Pronunciation of "Horcrux"
Geoff Bannister
gbannister10 at tiscali.co.uk
Tue Sep 6 12:05:26 UTC 2005
--- In HPFGU-OTChatter at yahoogroups.com, "justcarol67"
<justcarol67 at y...> wrote:
Carol:
> > > Well, the letter "h" and therefore presumably the "h" sound
> existed in Latin, so I think the audio books pronunciation is
correct.
jlnbtr:
> > The english H sound (as in Horace?) I don't think it existed in
> Latin, I know it doesn't exist in french (the H does, not the
sound),
> and neither in Spanish (the H sound is more like a J), and neither
in
> Italian. I think it's just an english sound.
Carol:
> I'm not absolutely sure of myself here, but I don't think that
French
> pronunciation, which developed *from* Latin rather than vice versa,
is
> any indication of the existence of the H sound in Latin. The H sound
> could have dropped out of the Vulgar Latin spoken in Gaul while the
> letter itself remained. (The sound did exist in early Semitic
> alphabets; it was not invented by the Saxons or by the later
English.)
>
> In any case, "horcrux," despite its Latin roots, would be an English
> word with the same first syllable as "horticulture" or "Horace." Or
> that's how I read it.
>
> Geoff (or anyone who's taught or taken Latin recently), can you help
> us out here?
Geoff
Having tried to answer this post three times and the messages have
disappeared into a wormhole, I finally discovered today that Yahoo
hadn't altered my email address to my new one on the OT-Chatter group
and was bouncing them without telling me.
<sigh>
OK, take 4.
There are two schools of thought on Latin pronunciation. The first is
what I would term "church Latin". It's noticeable features include:
(a) The use of a soft "c". "Excelsis" is pronounced "ex-chell-
siss", "cruces" the genitive of "crux" is said as "croo-siss" and
Caesar is pronounced as in modern English, with the "ae" diphthong is
pronounced as "ee".
(b ) "J" and "v" are hard sounds, as in modern English.

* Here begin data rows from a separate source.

text \<open>Subdirectly irreducible: there are distinct a, b such that (a,b) lies in every
  congruence other than the identity (equivalently: |M| > 1 and the intersection of all
  nontrivial congruences is not the identity, i.e. a monolith exists).\<close>
definition sbl_subdirectly_irreducible ::
  "'a set \<Rightarrow> ('a \<Rightarrow> 'a \<Rightarrow> 'a) \<Rightarrow> ('a \<Rightarrow> 'a \<Rightarrow> 'a) \<Rightarrow> ('a \<Rightarrow> 'a \<Rightarrow> 'a)
    \<Rightarrow> ('a \<Rightarrow> 'a \<Rightarrow> 'a) \<Rightarrow> ('a \<Rightarrow> 'a) \<Rightarrow> bool" where
  "sbl_subdirectly_irreducible M meet join mult imp \<tau> \<longleftrightarrow>
     (\<exists>a\<in>M. \<exists>b\<in>M. a \<noteq> b \<and>
        (\<forall>\<theta>. sbl_congruence M meet join mult imp \<tau> \<theta> \<and> \<theta> \<noteq> Id_on M \<longrightarrow> (a, b) \<in> \<theta>))"

definition state_kernel :: "'a set \<Rightarrow> 'a \<Rightarrow> ('a \<Rightarrow> 'a) \<Rightarrow> 'a set" where
  "state_kernel M one \<tau> = {a \<in> M. \<tau> a = one}"

definition linearly_ordered_subset :: "('a \<Rightarrow> 'a \<Rightarrow> 'a) \<Rightarrow> 'a set \<Rightarrow> bool" where
  "linearly_ordered_subset meet S \<longleftrightarrow> (\<forall>x\<in>S. \<forall>y\<in>S. bl_le meet x y \<or> bl_le meet y x)"

end

theory Submission
  imports Defs
begin
definition k_cuts :: "'a set \<Rightarrow> ('a \<times> 'a) set \<Rightarrow> nat \<Rightarrow> ('a set \<times> 'a set) set" where
  "k_cuts V E k = {XY. is_k_cut V E k XY}"

end

theory Submission
  imports Defs
begin

text \<open>Number the vertices along a topological order of the acyclic digraph E - F. A k-cut
  (X, Y) is determined by the set S of numbers of the vertices in X, and every inversion of S
  (a number in S above a number outside S) comes from an arc between the two vertices: either
  a cut arc from Y to X or a backward arc, which lies in F. Hence S has at most 2k inversions.
  Recording for each element of S how many non-elements lie below it yields a partition of
  the number of inversions, which together with the size of S determines S; so there are at
  most (n + 1)(2k + 1) p(2k) such sets.\<close>

definition gaps_below :: "nat set \<Rightarrow> nat \<Rightarrow> nat" where
  "gaps_below S j = card {i. i < j \<and> i \<notin> S}"

definition gap_profile :: "nat set \<Rightarrow> nat multiset" where
  "gap_profile S = image_mset (gaps_below S) (mset_set S)"

definition inversions :: "nat set \<Rightarrow> (nat \<times> nat) set" where
  "inversions S = Sigma S (\<lambda>j. {i. i < j \<and> i \<notin> S})"

lemma gaps_below_eq: "gaps_below S j = j - card (S \<inter> {..<j})"
proof -
  have "{i. i < j \<and> i \<notin> S} = {..<j} - S" by auto
  then show ?thesis
    unfolding gaps_below_def by (simp add: card_Diff_subset_Int Int_commute)
qed

lemma gaps_below_mono: "j \<le> j' \<Longrightarrow> gaps_below S j \<le> gaps_below S j'"
  unfolding gaps_below_def by (rule card_mono) auto

lemma gaps_below_Diff_singleton: "j \<le> n \<Longrightarrow> gaps_below (S - {n}) j = gaps_below S j"
  unfolding gaps_below_def by (rule arg_cong[where f=card]) auto

lemma gaps_below_max:
  assumes "S \<subseteq> {..<Suc n}" and "n \<in> S"
  shows "gaps_below S n = Suc n - card S"
proof -
  have fin: "finite S" using assms(1) finite_subset by blast
  have "S \<inter> {..<n} = S - {n}" using assms(1) by auto
  then have "card (S \<inter> {..<n}) = card S - 1" using assms(2) fin by simp
  moreover have "0 < card S" using assms(2) fin card_gt_0_iff by blast
  ultimately show ?thesis by (simp add: gaps_below_eq)
qed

The second version is the way I was taught, with the following to be
observed:
(a ) The use of a hard "c", "excelsis" being said as "ex-kell-
siss", "cruces" as "croo-kiss" and Caesar as Kaiser. (I think there
is a linguistic link in that the Germans appropriated the word for
their own use and adapted the spelling).
The "ae" diphthong is pronounced as the "i" in "time".
(b ) "J" and "v" are soft, "Julius" being pronounced as "Yoo lious"
and "veni" as "wane-ee".
"h" is always sounded. A good modern example was when, after the
serious fire at Windsor Castle, the Queen referred in a speech to
her "annus horribilis" and clearly sounded the "h".
The Pocket Oxford Latin Dictionary (which needs a darned big
pocket!!!) uses the same pronunciation as I have outlined in my
second version.
I have a feeling that Yahoo did the same to a message which I wrote
about the word "horcrux" itself. "Hor-" as a prefix does not seem to
be used, however, several Latin words beginning with the
letters "horr-" are related to horror, dread, roughness etc. Examples
are horrendus, horribilis, horrifer, horror and so on. "Crux" can, in
addition to cross, have connotations of torture, trouble and
destruction. So those are possible ways in which JKR's thoughts may
have moved in producing another item of LAtin or pseudo-Latin.
Right, I shall commit this to cyberspace in the hope that the
machinations of Yahoo will not spit it out in the midst of a group
committed to considering Polynesian cookery.